Ritter adds that the most common mistake people make when working in the yard is lifting heavy objects inappropriately.
“You should bend your knees and use your legs to lift your body up. Instead of reaching forward to move a heavy object, walk over to the object and lift it straight up off the ground by bending your knees and keeping your spine in an upright position,” suggest Ritter. “This will help avoid placing strain on your spine and back muscles.”
Ritter also suggests kneeling instead of bending over for long periods of time when working in the yard. “By kneeling in the garden, you are putting much less strain on your back and spine. If necessary, use knee pads to protect your knees from dirt or soreness.”
Using long handed tools will help you maintain a proper postures and Ritter suggests placing a shovel directly in front of you and parallel to your hip bones if you are doing any digging.
“Don’t overdo it: Gardening can cause back pain and overuse injuries,” says Ritter. “For example, after 15 minutes of raking, change to pruning or mowing your lawn. You should also avoid all-day marathon gardening sessions. Space out your gardening tasks over the course of several days.”
Chiropractor Dr. Greg Werner, www.gregwerner.com, suggests limiting the time you spending gardening and standing up and walking around between plantings as well as using a gardening bucket or bench to sit on when planting or pulling weeds.

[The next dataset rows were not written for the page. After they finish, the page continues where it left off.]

theorem lemma2p5:
  fixes \<Omega> :: "'a::euclidean_space set"
    and p lambda c1 :: real and k :: nat
    and ind :: "('a \<Rightarrow> real) set \<Rightarrow> enat"
    and C0 :: "('a \<Rightarrow> real) set"
    and \<eta> :: "real \<Rightarrow> real"
  assumes dom: "open \<Omega>" "connected \<Omega>" "bounded \<Omega>" "0 \<in> \<Omega>"
    and p: "1 < p" "p < real DIM('a)"
    and k: "1 \<le> k" "lam ind \<Omega> p k < lam ind \<Omega> p (Suc k)"
    and lambda: "lam ind \<Omega> p k \<le> lambda" "lambda < lam ind \<Omega> p (Suc k)"
    and C0: "W_compact \<Omega> p C0" "symmetric_set C0"
            "C0 \<subseteq> Psi_le \<Omega> p (lam ind \<Omega> p k)" "ind C0 = enat k"
    and C0_Linf: "\<exists>B. \<forall>u\<in>C0. AE x in lebesgue_on \<Omega>. \<bar>u x\<bar> \<le> B"
    and C0_C1: "\<forall>u\<in>C0. (\<forall>x\<in>\<Omega>. u differentiable (at x))
                   \<and> (\<forall>b\<in>Basis. continuous_on \<Omega> (\<lambda>x. frechet_derivative u (at x) b))"
    and C0_C1_bdd: "\<forall>K. compact K \<and> K \<subseteq> \<Omega> \<longrightarrow>
                   (\<exists>B. \<forall>u\<in>C0. \<forall>x\<in>K. \<bar>u x\<bar> \<le> B \<and> norm (grad u x) \<le> B)"
    and eta: "cinf \<eta>" "\<forall>s\<ge>0. 0 \<le> \<eta> s \<and> \<eta> s \<le> 1"
             "\<forall>s\<in>{0..3/4}. \<eta> s = 0" "\<forall>s\<ge>1. \<eta> s = 1"
    and c1: "c1 > 0"
            "\<forall>\<rho>\<in>{0<..infdist 0 (frontier \<Omega>) / 2}.
               proj_M \<Omega> p ` (\<lambda>u x. \<eta> (norm x / \<rho>) * u x) ` C0
                 \<subseteq> Psi_le \<Omega> p (lam ind \<Omega> p k + c1 * \<rho> powr (real DIM('a) - p))"
  shows "\<exists>c6>0. \<forall>\<rho>\<in>{0<..infdist 0 (frontier \<Omega>) / 2}.
           (lam ind \<Omega> p k + c1 * \<rho> powr (real DIM('a) - p) \<le> lambda \<longrightarrow>
              (\<forall>v\<in>proj_M \<Omega> p ` (\<lambda>u x. \<eta> (norm x / \<rho>) * u x) ` C0. \<forall>t\<ge>0.
                 E0 \<Omega> p lambda (\<lambda>x. t * v x) \<le> 0))
         \<and> (lambda = lam ind \<Omega> p k \<longrightarrow>
              (\<forall>v\<in>proj_M \<Omega> p ` (\<lambda>u x. \<eta> (norm x / \<rho>) * u x) ` C0. \<forall>t\<ge>0.
                 E0 \<Omega> p lambda (\<lambda>x. t * v x)
                   \<le> c6 * \<rho> powr (real DIM('a) * (real DIM('a) - p) / p)))"
proof -
  define N q m where "N = real DIM('a)" and "q = pstar TYPE('a) p"
    and "m = measure (lebesgue_on \<Omega>) \<Omega>"
  \<comment> \<open>m + 1 rather than m spares showing that \<Omega> has positive measure\<close>
  define c6 where "c6 = (c1 / p) powr (N / p) * q powr ((N - p) / p) * (m + 1)"
  have "0 < c6"
    using c1(1) p by (simp add: c6_def m_def N_def q_def pstar_def add_nonneg_pos)
  have \<Omega>: "\<Omega> \<in> lmeasurable"
    using dom by (simp add: lmeasurable_open)
  obtain B where B: "\<forall>u\<in>C0. AE x in lebesgue_on \<Omega>. \<bar>u x\<bar> \<le> B"
    using C0_Linf by blast
  have q: "0 \<le> q"
    using less_pstar[of p, where 'a='a] p by (simp add: q_def)
  show ?thesis
  proof (intro exI[of _ c6] conjI \<open>0 < c6\<close> ballI impI allI)
    fix \<rho> v and t :: real
    assume \<rho>: "\<rho> \<in> {0<..infdist 0 (frontier \<Omega>) / 2}"
      and "lam ind \<Omega> p k + c1 * \<rho> powr (real DIM('a) - p) \<le> lambda"
      and v: "v \<in> proj_M \<Omega> p ` (\<lambda>u x. \<eta> (norm x / \<rho>) * u x) ` C0" and "0 \<le> t"
    moreover have "v \<in> Psi_le \<Omega> p (lam ind \<Omega> p k + c1 * \<rho> powr (real DIM('a) - p))"
      using c1(2) \<rho> v by blast
    ultimately show "E0 \<Omega> p lambda (\<lambda>x. t * v x) \<le> 0"
      using p by (intro E0_ray_nonpos) auto
  next
    fix \<rho> v and t :: real
    assume \<rho>: "\<rho> \<in> {0<..infdist 0 (frontier \<Omega>) / 2}" and "lambda = lam ind \<Omega> p k"
      and v: "v \<in> proj_M \<Omega> p ` (\<lambda>u x. \<eta> (norm x / \<rho>) * u x) ` C0" and "0 \<le> t"
    moreover have v\<Psi>: "v \<in> Psi_le \<Omega> p (lam ind \<Omega> p k + c1 * \<rho> powr (N - p))"
      using c1(2) \<rho> v unfolding N_def by blast
    moreover have "integrable (lebesgue_on \<Omega>) (\<lambda>x. \<bar>v x\<bar> powr q)"
      using integrable_abs_powr_cutoff[OF \<Omega> eta(2) _ B q v] \<rho> v\<Psi> by (simp add: Psi_le_def)
    ultimately have "E0 \<Omega> p lambda (\<lambda>x. t * v x)
        \<le> (c1 * \<rho> powr (N - p) / p) powr (N / p) * q powr ((N - p) / p) * m"
      using E0_ray_le[OF \<Omega> v\<Psi>, of lambda t] p c1(1) by (simp add: N_def q_def m_def)
    also have "\<dots> = (c1 / p) powr (N / p) * q powr ((N - p) / p) * m * \<rho> powr (N * (N - p) / p)"
      using c1(1) p by (simp add: powr_mult_powr_divide mult_ac)
    also have "\<dots> \<le> c6 * \<rho> powr (N * (N - p) / p)"
      unfolding c6_def by (intro mult_right_mono mult_left_mono) (simp_all add: m_def)
    finally show "E0 \<Omega> p lambda (\<lambda>x. t * v x)
        \<le> c6 * \<rho> powr (real DIM('a) * (real DIM('a) - p) / p)"
      by (simp add: N_def)
  qed
qed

“Use proper gardening tools when planting: using only your arms will put undo pressure on your wrists,” adds Werner. “When you are pregnant you are more prone to overuse syndromes such as carpal tunnel or tennis elbow.”

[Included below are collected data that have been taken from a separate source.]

(* Let $k$ be a field and let $I$ be an almost reverse lexicographic ideal in $R=k[x_1,\ldots,x_n]$ (the zero ideal being regarded as almost reverse lexicographic). Then the sequence $h_\bullet=(h_0,h_1,\ldots)$ with $h_d=H(R/I,d)$ is unimodal at each tail.
   Context: $H(R/I,d)=\dim_k(R/I)_d$. Degree reverse lexicographic order: for $M=x^\alpha,N=x^\beta$, $M>N$ iff $\deg M>\deg N$, or degrees are equal and for the largest $s$ with $\alpha_s\neq\beta_s$ one has $\alpha_s<\beta_s$. A monomial ideal $I$ is almost reverse lexicographic if for every monomial $M$ and every minimal monomial generator $N$ of $I$ with $\deg M=\deg N$ and $M>N$, $M\in I$. For a sequence $h_\bullet$ of nonnegative integers with $h_0=1$: put $h^{(0)}_\bullet=h_\bullet$ and, for $1\le i<h_1$, $h^{(i)}_0=1$ and $h^{(i)}_d=\max\{0,h^{(i-1)}_d-h^{(i-1)}_{d-1}\}$ for $d\ge1$. For $0\le i<\max\{1,h_1\}$ let $r_i=\min\{d\ge1: h^{(i)}_d\le h^{(i)}_{d-1}\}$ ($\infty$ if no such $d$), and let $D(h_\bullet)=\min\{i: r_i<\infty\}$. The sequence is unimodal at each tail if for every $i$ with $D(h_\bullet)\le i<\max\{1,h_1\}$ one has $h^{(i)}_d\le h^{(i)}_{d-1}$ for all $d\ge r_i$. *)

theory Defs
  imports Main "HOL-Library.Extended_Nat"
begin

(* Monomials of R = k[x_1,...,x_n]: exponent vectors a :: nat => nat, where
   a i is the exponent of x_(i+1); entries beyond index n-1 vanish. *)
definition monomials :: "nat \<Rightarrow> (nat \<Rightarrow> nat) set" where
  "monomials n = {a. \<forall>i\<ge>n. a i = 0}"

definition mdeg :: "nat \<Rightarrow> (nat \<Rightarrow> nat) \<Rightarrow> nat" where
  "mdeg n a = (\<Sum>i<n. a i)"

definition mdvd :: "(nat \<Rightarrow> nat) \<Rightarrow> (nat \<Rightarrow> nat) \<Rightarrow> bool" where
  "mdvd a b \<longleftrightarrow> (\<forall>i. a i \<le> b i)"

(* A monomial ideal, represented by the set of monomials it contains
   (a monomial ideal is determined by, and is the k-span of, these). *)
definition monomial_ideal :: "nat \<Rightarrow> (nat \<Rightarrow> nat) set \<Rightarrow> bool" where
  "monomial_ideal n I \<longleftrightarrow> I \<subseteq> monomials n \<and>
     (\<forall>a\<in>I. \<forall>b\<in>monomials n. mdvd a b \<longrightarrow> b \<in> I)"

definition min_gens :: "(nat \<Rightarrow> nat) set \<Rightarrow> (nat \<Rightarrow> nat) set" where
  "min_gens I = {a\<in>I. \<forall>b\<in>I. mdvd b a \<longrightarrow> b = a}"

definition drl_gt :: "nat \<Rightarrow> (nat \<Rightarrow> nat) \<Rightarrow> (nat \<Rightarrow> nat) \<Rightarrow> bool" where
  "drl_gt n a b \<longleftrightarrow> mdeg n a > mdeg n b \<or>
     (mdeg n a = mdeg n b \<and> (\<exists>s<n. a s \<noteq> b s) \<and>
      (let s = (GREATEST s. s < n \<and> a s \<noteq> b s) in a s < b s))"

“Do your gardening a little at a time instead of trying to knock it all out in one try, and if you’re just trying to spruce up your yard and you are far along in your pregnancy (third trimester) have your husband/partner do it.”
Meditate
Debbie Mandel, MA, author of “Addicted to Stress,” says there are things you can do to make gardening a “moving meditation, instead of a toxic experience.”
“Protect yourself from searing sun with sun block, a hat and loose clothing,” says Mandel. “Even better avoid gardening midday.”
“Melasma (aka Chloasma) is a hyper pigmentation condition that affects 50-70% of pregnant women, most commonly appearing on the forehead, cheeks and chin,” says Dr. Romanzi. “While it can be treated post-partum with bleaching agents, laser, chemical peels and topical agents such as tretionoin(Retin-A) it can also be prevented by the liberal and regular use of SPF-50 UVA-PF 28 sunscreen (2007 study University Teaching Hospital IbnRochd in Casablanca, Morocco) . Pregnant women who want to prevent hypermelanotic changes in their skin should regularly use adequate sunscreen and sunhats outdoors.”
Mandel adds that women should, “Drink plenty of water as gardeners tend to get immersed in what they are doing and forget about hydrating.” And suggests avoiding gardening during the times mosquitoes in your area fee – generally 6-8am and pm.”